Following machine learning terminology, we hereafter denote each input to a CNN as a data channel (or simply as a channel). A major disadvantage of the regular convolution filter is that it cannot adequately handle data gaps in any input channel. Similar to regression and downscaling requiring the entire set of inputs to have valid values at a pixel, the convolution will work only if all input data within the convolution filter’s gridded window are simultaneously valid. This presents a significant challenge for applications involving remote sensing data. Also, even when inland data gaps are absent, any coastal water pixels operated on by the convolution filter qualify as data gaps. If multiple remote sensing inputs (from different sensors) are used in a CNN-based application, their respective different coverage gaps due to orbits, sensor malfunction, weather conditions, and/or surface feature boundaries can severely limit the amount of usable collocated input data regions. Recent studies such as Karpatne et al. (2018) have identified this issue as a significant data-related challenge in geosciences.
A possible machine learning–based solution to handle data gaps during training and to additionally enable gap filling during prediction is partial convolution (see section 2; Liu et al. 2018) that considers only the valid available pixel values in the convolution filter’s window. This is based on the recent work by Liu et al. (2018) at NVIDIA Corporation on gap filling in computer vision applications. As explained more in section 4a, we generalize this technique to handle data gap variation across inputs, enabling creation of a gap-filled MOD10A1-like SCF product for the region of interest in this study. The downscaling component is then not a strict super-resolutioning problem in the conventional sense of downscaling of only the coarser-scale SCF channel values. In fact, the SCF, CCF, and CI core channels of MOD10C1 need to be considered together as mutually complementary information for creating the MOD10A1-like SCF product channel. In downscaling, the presence of additional auxiliary input channels besides the core input channels from MOD10C1, avoids the possible nonuniqueness of solutions because of multiple fine-resolution pixels contained in any corresponding coarse-resolution pixel area.

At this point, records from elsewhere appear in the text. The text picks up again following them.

lemma sum_by_parts_le_linear:
  fixes a f :: "nat \<Rightarrow> real"
  assumes "M \<ge> 2"
    and partial: "\<And>k. 2 \<le> k \<Longrightarrow> k \<le> M \<Longrightarrow> (\<Sum>j=2..k. a j) \<le> C * real k - D"
    and antimono: "\<And>k. 2 \<le> k \<Longrightarrow> f (Suc k) \<le> f k"
    and nonneg: "\<And>k. 2 \<le> k \<Longrightarrow> 0 \<le> f k"
  shows "(\<Sum>k=2..M. a k * f k) \<le> C * (\<Sum>k=2..M. f k) + (C - D) * f 2"
proof -
  have "(\<Sum>k=2..M. a k * f k) =
      (\<Sum>k=2..M. (\<Sum>j=2..k. a j) * (f k - f (Suc k))) + (\<Sum>j=2..M. a j) * f (Suc M)"
    by (rule summation_by_parts_atLeastAtMost)
  also have "\<dots> \<le> (\<Sum>k=2..M. (C * real k - D) * (f k - f (Suc k))) + (C * real M - D) * f (Suc M)"
    using assms by (intro add_mono sum_mono mult_right_mono) auto
  also have "\<dots> = C * (\<Sum>k=2..M. f k) + (C - D) * f 2"
    by (rule sum_linear_weights_by_parts[OF assms(1)])
  finally show ?thesis .
qed

lemma powr_neg_le_telescoping:
  fixes k t :: real
  assumes "t > 1" "k > 1"
  shows "k powr (-t) \<le> ((k-1) powr (1-t) - k powr (1-t)) / (t-1)"
proof -
  have ln_ratio: "ln (k-1) - ln k \<le> -1/k"
  proof -
    have "1 - 1/k = (k-1)/k" using assms by (simp add: field_simps)
    then have "ln (k-1) - ln k = ln (1 - 1/k)" using assms by (simp add: ln_div)
    also have "\<dots> \<le> -1/k" using assms ln_le_minus_one[of "1 - 1/k"] by simp
    finally show ?thesis .
  qed
  have "k powr (1-t) * (1 + (t-1)/k) \<le> k powr (1-t) * exp ((1-t) * (ln (k-1) - ln k))"
  proof (rule mult_left_mono)
    have "(t-1)/k \<le> (1-t) * (ln (k-1) - ln k)"
      using mult_left_mono_neg[OF ln_ratio, of "1-t"] assms by (simp add: field_simps)
    then show "1 + (t-1)/k \<le> exp ((1-t) * (ln (k-1) - ln k))"
      using exp_ge_add_one_self[of "(1-t) * (ln (k-1) - ln k)"] by linarith
  qed simp
  also have "\<dots> = (k-1) powr (1-t)"
    using assms by (simp add: powr_def exp_add[symmetric] algebra_simps)
  finally have "k powr (1-t) + (t-1) * (k powr (1-t) / k) \<le> (k-1) powr (1-t)"
    by (simp add: algebra_simps)
  moreover have "k powr (1-t) / k = k powr (-t)"
    using assms by (simp add: powr_diff powr_minus_divide)
  ultimately show ?thesis using assms by (simp add: field_simps)
qed

lemma sum_powr_neg_le:
  fixes t :: real
  assumes "t > 1" "m \<ge> 1"
  shows "(\<Sum>k=Suc m..M. real k powr (-t)) \<le> real m powr (1-t) / (t-1)"
proof (cases "M \<ge> m")
  case True
  have "(\<Sum>k=Suc m..M. real k powr (-t)) \<le> (real m powr (1-t) - real M powr (1-t)) / (t-1)"
    using True
  proof (induction M rule: nat_induct_at_least)
    case (Suc M)
    have "(\<Sum>k=Suc m..Suc M. real k powr (-t)) =
        (\<Sum>k=Suc m..M. real k powr (-t)) + real (Suc M) powr (-t)"
      using Suc by (simp add: sum.cl_ivl_Suc)
    also have "\<dots> \<le> (real m powr (1-t) - real M powr (1-t)) / (t-1) +
        (real M powr (1-t) - real (Suc M) powr (1-t)) / (t-1)"
      using Suc.IH powr_neg_le_telescoping[of t "real (Suc M)"] Suc.hyps assms
      by (intro add_mono) auto
    also have "\<dots> = (real m powr (1-t) - real (Suc M) powr (1-t)) / (t-1)"
      by (simp add: add_divide_distrib[symmetric])
    finally show ?case .
  qed simp
  also have "\<dots> \<le> real m powr (1-t) / (t-1)"
    using assms by (simp add: divide_right_mono)
  finally show ?thesis .
qed (use assms in simp)

text \<open>For \<open>\<sigma> > 0\<close> this is \<open>\<Sum>r\<ge>2. k^(-r\<sigma>)\<close>, the real counterpart of the inner sum in \<open>g\<close>.\<close>
definition tail_weight :: "real \<Rightarrow> nat \<Rightarrow> real" where
  "tail_weight \<sigma> k = 1 / (real k powr \<sigma> * (real k powr \<sigma> - 1))"

lemma tail_weight_nonneg: "\<sigma> > 0 \<Longrightarrow> k \<ge> 2 \<Longrightarrow> 0 \<le> tail_weight \<sigma> k"
  unfolding tail_weight_def by (simp add: gr_one_powr less_imp_le)

lemma tail_weight_Suc_le:
  assumes "\<sigma> > 0" "k \<ge> 2"
  shows "tail_weight \<sigma> (Suc k) \<le> tail_weight \<sigma> k"
proof -
  have gt1: "real k powr \<sigma> > 1" using assms by (intro gr_one_powr) auto
  have le: "real k powr \<sigma> \<le> real (Suc k) powr \<sigma>" using assms by (intro powr_mono2) auto
  have "real k powr \<sigma> * (real k powr \<sigma> - 1) \<le> real (Suc k) powr \<sigma> * (real (Suc k) powr \<sigma> - 1)"
    using gt1 le by (intro mult_mono) auto
  moreover have "0 < real k powr \<sigma> * (real k powr \<sigma> - 1)" using gt1 by (intro mult_pos_pos) linarith+
  ultimately show ?thesis unfolding tail_weight_def by (intro divide_left_mono) auto
qed

lemma tail_weight_le_split:
  assumes "\<sigma> > 0" "k \<ge> 3"
  shows "tail_weight \<sigma> k \<le> real k powr (-(2*\<sigma>)) + real k powr (-(3*\<sigma>)) / (1 - 3 powr (-\<sigma>))"
proof -
  define x where "x = real k powr \<sigma>"
  define y where "y = (3::real) powr \<sigma>"
  have y1: "y > 1" unfolding y_def using assms by (intro gr_one_powr) auto
  have yx: "y \<le> x" unfolding x_def y_def using assms by (intro powr_mono2) auto
  have x1: "x > 1" using yx y1 by linarith
  have "real k powr (-(2*\<sigma>)) = 1/(x*x)" "real k powr (-(3*\<sigma>)) = 1/(x*x*x)"
    "(3::real) powr (-\<sigma>) = 1/y"
    unfolding x_def y_def by (simp_all add: powr_minus_divide powr_add[symmetric] algebra_simps)
  moreover have "tail_weight \<sigma> k = 1/(x*x) + (1/(x*x*x)) / (1 - 1/x)"
    unfolding tail_weight_def x_def[symmetric] using x1 by (simp add: field_simps)
  moreover have "(1/(x*x*x)) / (1 - 1/x) \<le> (1/(x*x*x)) / (1 - 1/y)"
    using x1 y1 yx by (intro divide_left_mono) (auto simp: frac_le)
  ultimately show ?thesis by simp
qed

lemma sum_tail_weight_le:
  assumes "\<sigma> > 1/2"
  shows "(\<Sum>k=3..M. tail_weight \<sigma> k) \<le>
    2 powr (1-2*\<sigma>) / (2*\<sigma>-1) + 2 powr (1-3*\<sigma>) / (3*\<sigma>-1) / (1 - 3 powr (-\<sigma>))"
proof -
  have "(3::real) powr (-\<sigma>) < 3 powr 0" using assms by (intro powr_less_mono) auto
  then have den: "1 - 3 powr (-\<sigma>) > 0" by simp
  have "(\<Sum>k=3..M. tail_weight \<sigma> k) \<le>
      (\<Sum>k=3..M. real k powr (-(2*\<sigma>)) + real k powr (-(3*\<sigma>)) / (1 - 3 powr (-\<sigma>)))"
    using assms by (intro sum_mono tail_weight_le_split) auto
  also have "\<dots> =
      (\<Sum>k=3..M. real k powr (-(2*\<sigma>))) + (\<Sum>k=3..M. real k powr (-(3*\<sigma>))) / (1 - 3 powr (-\<sigma>))"
    by (simp add: sum.distrib sum_divide_distrib)
  also have "\<dots> \<le> 2 powr (1-2*\<sigma>) / (2*\<sigma>-1) + 2 powr (1-3*\<sigma>) / (3*\<sigma>-1) / (1 - 3 powr (-\<sigma>))"
    using assms den sum_powr_neg_le[of "2*\<sigma>" 2 M] sum_powr_neg_le[of "3*\<sigma>" 2 M]
    by (intro add_mono divide_right_mono) (simp_all add: numeral_3_eq_3)
  finally show ?thesis .
qed

definition majorant :: "real \<Rightarrow> real" where
  "majorant \<sigma> = ln 2 * tail_weight \<sigma> 2 +
     2 * ln 2 * (2 powr (1-2*\<sigma>) / (2*\<sigma>-1) + 2 powr (1-3*\<sigma>) / (3*\<sigma>-1) / (1 - 3 powr (-\<sigma>)))"

lemma sum_primes_le_eq_sum_atLeastAtMost:
  fixes M :: nat
  shows "(\<Sum>p | prime p \<and> p \<le> M. h p) = (\<Sum>k=2..M. if prime k then h k else 0)"
proof -
  have "{p. prime p \<and> p \<le> M} = {k \<in> {2..M}. prime k}" using prime_ge_2_nat by auto
  then show ?thesis by (simp only: sum.inter_filter[OF finite_atLeastAtMost])
qed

A by-product of this study, and yet a major contribution for data-driven modeling in geosciences, is that our generalized partial convolution approach overcomes the limitations of gaps and their variations across input channels. This means that the Earth science community in general will have a deep learning tool that is gap-agnostic for applications in regression, classification, and segmentation.
The remainder of this paper is organized as follows. Section 2 gives some detailed machine learning explanation of partial convolution. Section 3 describes the study domains and datasets used in this study. Section 4 details the methodology including our implementation of our generalized innovation of partial convolution required for this study. Results are presented in section 5, followed by a discussion of our findings in section 6.
2. Background on partial convolution for gap filling
Figure 1a shows an example 3 × 3 convolutional filter or kernel operating on the top-left portion of a monochromatic image to calculate the output pixel value near the top left of the output grid. The filter “depth” is the number of input channels: Fig. 1a illustrates a depth of 1, and Fig. 1b shows the moving window-style movement of a depth 3 filter during application over a trichromatic image. The dimensionality of the convolution is the number of dimensions of either the input example or the filter, except the depth (Figs. 1a and 1b show a two-dimensional or 2D convolution, hence the filters are designated as 3 × 3). Each filter gives a gridded output map, so that multiple filters operating in a layer give multiple such output maps. Further, each filter’s operation is also accompanied by a nonlinear activation transformation on its result.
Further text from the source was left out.